**PROBLEM REQUIREMENTS**
In the listing that follows, tally the lines containing "imports"; give the count and nothing more.

**EXERCISE INPUT**

——

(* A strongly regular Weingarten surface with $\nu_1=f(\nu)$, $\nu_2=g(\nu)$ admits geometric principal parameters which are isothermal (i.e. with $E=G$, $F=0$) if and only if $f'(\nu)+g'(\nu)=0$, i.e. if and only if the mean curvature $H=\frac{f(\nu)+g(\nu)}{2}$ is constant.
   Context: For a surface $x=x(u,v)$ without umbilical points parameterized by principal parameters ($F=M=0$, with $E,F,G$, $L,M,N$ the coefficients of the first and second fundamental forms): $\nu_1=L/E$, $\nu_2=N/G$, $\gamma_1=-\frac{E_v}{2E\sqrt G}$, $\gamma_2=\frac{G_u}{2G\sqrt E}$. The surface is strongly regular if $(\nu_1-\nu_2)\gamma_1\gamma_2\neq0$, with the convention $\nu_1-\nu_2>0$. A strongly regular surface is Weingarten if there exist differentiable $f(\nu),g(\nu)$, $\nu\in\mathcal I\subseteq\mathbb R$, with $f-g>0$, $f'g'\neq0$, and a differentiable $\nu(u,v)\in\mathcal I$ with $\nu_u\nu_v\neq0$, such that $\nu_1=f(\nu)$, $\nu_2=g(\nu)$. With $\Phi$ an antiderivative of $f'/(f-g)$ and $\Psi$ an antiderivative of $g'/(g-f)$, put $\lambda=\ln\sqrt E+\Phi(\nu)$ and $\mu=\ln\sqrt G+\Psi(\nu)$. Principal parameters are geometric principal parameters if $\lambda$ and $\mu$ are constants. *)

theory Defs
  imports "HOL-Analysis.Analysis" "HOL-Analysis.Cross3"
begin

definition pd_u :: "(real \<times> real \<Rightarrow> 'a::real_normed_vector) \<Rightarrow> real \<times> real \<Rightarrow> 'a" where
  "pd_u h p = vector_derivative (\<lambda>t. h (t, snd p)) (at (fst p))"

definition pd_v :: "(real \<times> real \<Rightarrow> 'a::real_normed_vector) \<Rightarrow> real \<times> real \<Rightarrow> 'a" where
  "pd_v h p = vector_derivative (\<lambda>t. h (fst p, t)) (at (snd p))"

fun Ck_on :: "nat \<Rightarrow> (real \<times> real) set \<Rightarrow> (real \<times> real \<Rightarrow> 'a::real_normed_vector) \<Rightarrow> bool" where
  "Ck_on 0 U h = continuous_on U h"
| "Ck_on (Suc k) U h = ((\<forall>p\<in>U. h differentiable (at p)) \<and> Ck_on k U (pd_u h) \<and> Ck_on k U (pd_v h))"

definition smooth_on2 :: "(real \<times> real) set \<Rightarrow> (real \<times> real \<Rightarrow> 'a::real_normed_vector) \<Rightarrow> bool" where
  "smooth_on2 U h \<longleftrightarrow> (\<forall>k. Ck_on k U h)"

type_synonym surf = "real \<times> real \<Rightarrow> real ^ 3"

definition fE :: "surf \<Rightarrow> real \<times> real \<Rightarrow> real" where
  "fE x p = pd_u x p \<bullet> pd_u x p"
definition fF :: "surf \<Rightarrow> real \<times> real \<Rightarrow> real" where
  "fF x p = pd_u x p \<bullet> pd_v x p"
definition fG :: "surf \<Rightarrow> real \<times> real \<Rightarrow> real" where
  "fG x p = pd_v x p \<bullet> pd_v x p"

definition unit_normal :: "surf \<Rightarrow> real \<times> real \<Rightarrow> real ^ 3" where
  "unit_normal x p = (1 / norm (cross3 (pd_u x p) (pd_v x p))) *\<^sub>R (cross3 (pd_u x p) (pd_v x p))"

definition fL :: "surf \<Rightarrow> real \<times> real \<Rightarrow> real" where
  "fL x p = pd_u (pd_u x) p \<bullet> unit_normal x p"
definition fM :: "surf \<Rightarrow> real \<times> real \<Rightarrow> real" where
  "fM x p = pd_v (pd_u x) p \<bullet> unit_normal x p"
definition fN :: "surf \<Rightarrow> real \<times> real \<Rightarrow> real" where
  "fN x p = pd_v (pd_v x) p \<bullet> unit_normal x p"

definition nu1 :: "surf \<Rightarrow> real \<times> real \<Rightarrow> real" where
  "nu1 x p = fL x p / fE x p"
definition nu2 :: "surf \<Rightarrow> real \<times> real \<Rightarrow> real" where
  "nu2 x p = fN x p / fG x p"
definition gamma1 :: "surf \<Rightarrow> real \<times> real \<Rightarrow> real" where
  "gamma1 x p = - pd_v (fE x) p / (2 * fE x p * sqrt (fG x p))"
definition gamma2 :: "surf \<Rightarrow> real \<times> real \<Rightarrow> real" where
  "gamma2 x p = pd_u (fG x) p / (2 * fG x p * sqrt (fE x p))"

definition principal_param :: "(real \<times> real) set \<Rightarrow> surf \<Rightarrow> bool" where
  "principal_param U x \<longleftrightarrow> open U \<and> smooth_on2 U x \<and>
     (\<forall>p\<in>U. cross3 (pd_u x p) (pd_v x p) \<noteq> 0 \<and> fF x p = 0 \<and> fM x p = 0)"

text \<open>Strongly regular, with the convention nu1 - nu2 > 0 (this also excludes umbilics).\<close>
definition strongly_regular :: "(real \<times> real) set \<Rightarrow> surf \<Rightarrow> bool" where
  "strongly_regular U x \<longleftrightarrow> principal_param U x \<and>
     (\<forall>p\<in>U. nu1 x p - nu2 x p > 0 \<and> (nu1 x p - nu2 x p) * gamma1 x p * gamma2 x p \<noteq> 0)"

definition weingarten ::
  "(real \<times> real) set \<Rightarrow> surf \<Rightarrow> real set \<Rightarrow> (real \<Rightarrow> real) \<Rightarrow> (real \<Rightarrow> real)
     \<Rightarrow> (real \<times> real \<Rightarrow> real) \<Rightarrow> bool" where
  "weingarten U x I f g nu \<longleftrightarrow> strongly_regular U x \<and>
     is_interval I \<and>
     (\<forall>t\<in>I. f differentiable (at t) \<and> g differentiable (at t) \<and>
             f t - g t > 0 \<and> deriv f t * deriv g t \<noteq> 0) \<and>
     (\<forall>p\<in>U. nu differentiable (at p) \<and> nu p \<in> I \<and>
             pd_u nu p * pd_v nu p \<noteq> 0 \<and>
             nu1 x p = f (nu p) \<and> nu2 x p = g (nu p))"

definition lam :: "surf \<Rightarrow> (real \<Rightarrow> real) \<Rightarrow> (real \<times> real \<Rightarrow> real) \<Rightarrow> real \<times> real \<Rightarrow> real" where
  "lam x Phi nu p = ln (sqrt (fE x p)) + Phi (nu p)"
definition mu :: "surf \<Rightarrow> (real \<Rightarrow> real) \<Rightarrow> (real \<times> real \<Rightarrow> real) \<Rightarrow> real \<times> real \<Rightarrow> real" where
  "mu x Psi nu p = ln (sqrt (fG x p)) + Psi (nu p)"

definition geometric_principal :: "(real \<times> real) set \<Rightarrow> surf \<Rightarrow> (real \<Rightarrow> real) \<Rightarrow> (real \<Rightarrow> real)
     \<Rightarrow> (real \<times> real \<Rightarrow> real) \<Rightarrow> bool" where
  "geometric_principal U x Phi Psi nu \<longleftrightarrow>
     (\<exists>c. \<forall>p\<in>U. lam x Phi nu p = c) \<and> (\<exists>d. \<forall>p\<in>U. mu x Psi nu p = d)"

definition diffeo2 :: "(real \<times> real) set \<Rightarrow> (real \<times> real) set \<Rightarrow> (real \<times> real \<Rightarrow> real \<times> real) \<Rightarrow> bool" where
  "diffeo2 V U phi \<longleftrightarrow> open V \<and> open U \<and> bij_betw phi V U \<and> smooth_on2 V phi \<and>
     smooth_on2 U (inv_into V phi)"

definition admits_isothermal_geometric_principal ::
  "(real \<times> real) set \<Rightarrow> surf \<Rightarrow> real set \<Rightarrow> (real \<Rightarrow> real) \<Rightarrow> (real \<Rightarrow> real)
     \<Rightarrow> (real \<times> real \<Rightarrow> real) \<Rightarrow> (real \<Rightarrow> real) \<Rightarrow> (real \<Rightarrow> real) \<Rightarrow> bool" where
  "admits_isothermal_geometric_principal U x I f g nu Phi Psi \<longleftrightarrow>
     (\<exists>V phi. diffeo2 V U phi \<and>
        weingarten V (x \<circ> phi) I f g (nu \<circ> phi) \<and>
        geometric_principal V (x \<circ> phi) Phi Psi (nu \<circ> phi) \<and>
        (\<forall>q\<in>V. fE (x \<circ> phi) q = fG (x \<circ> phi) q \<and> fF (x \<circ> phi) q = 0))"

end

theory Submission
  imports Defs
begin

——

**ANSWER SECTION**
2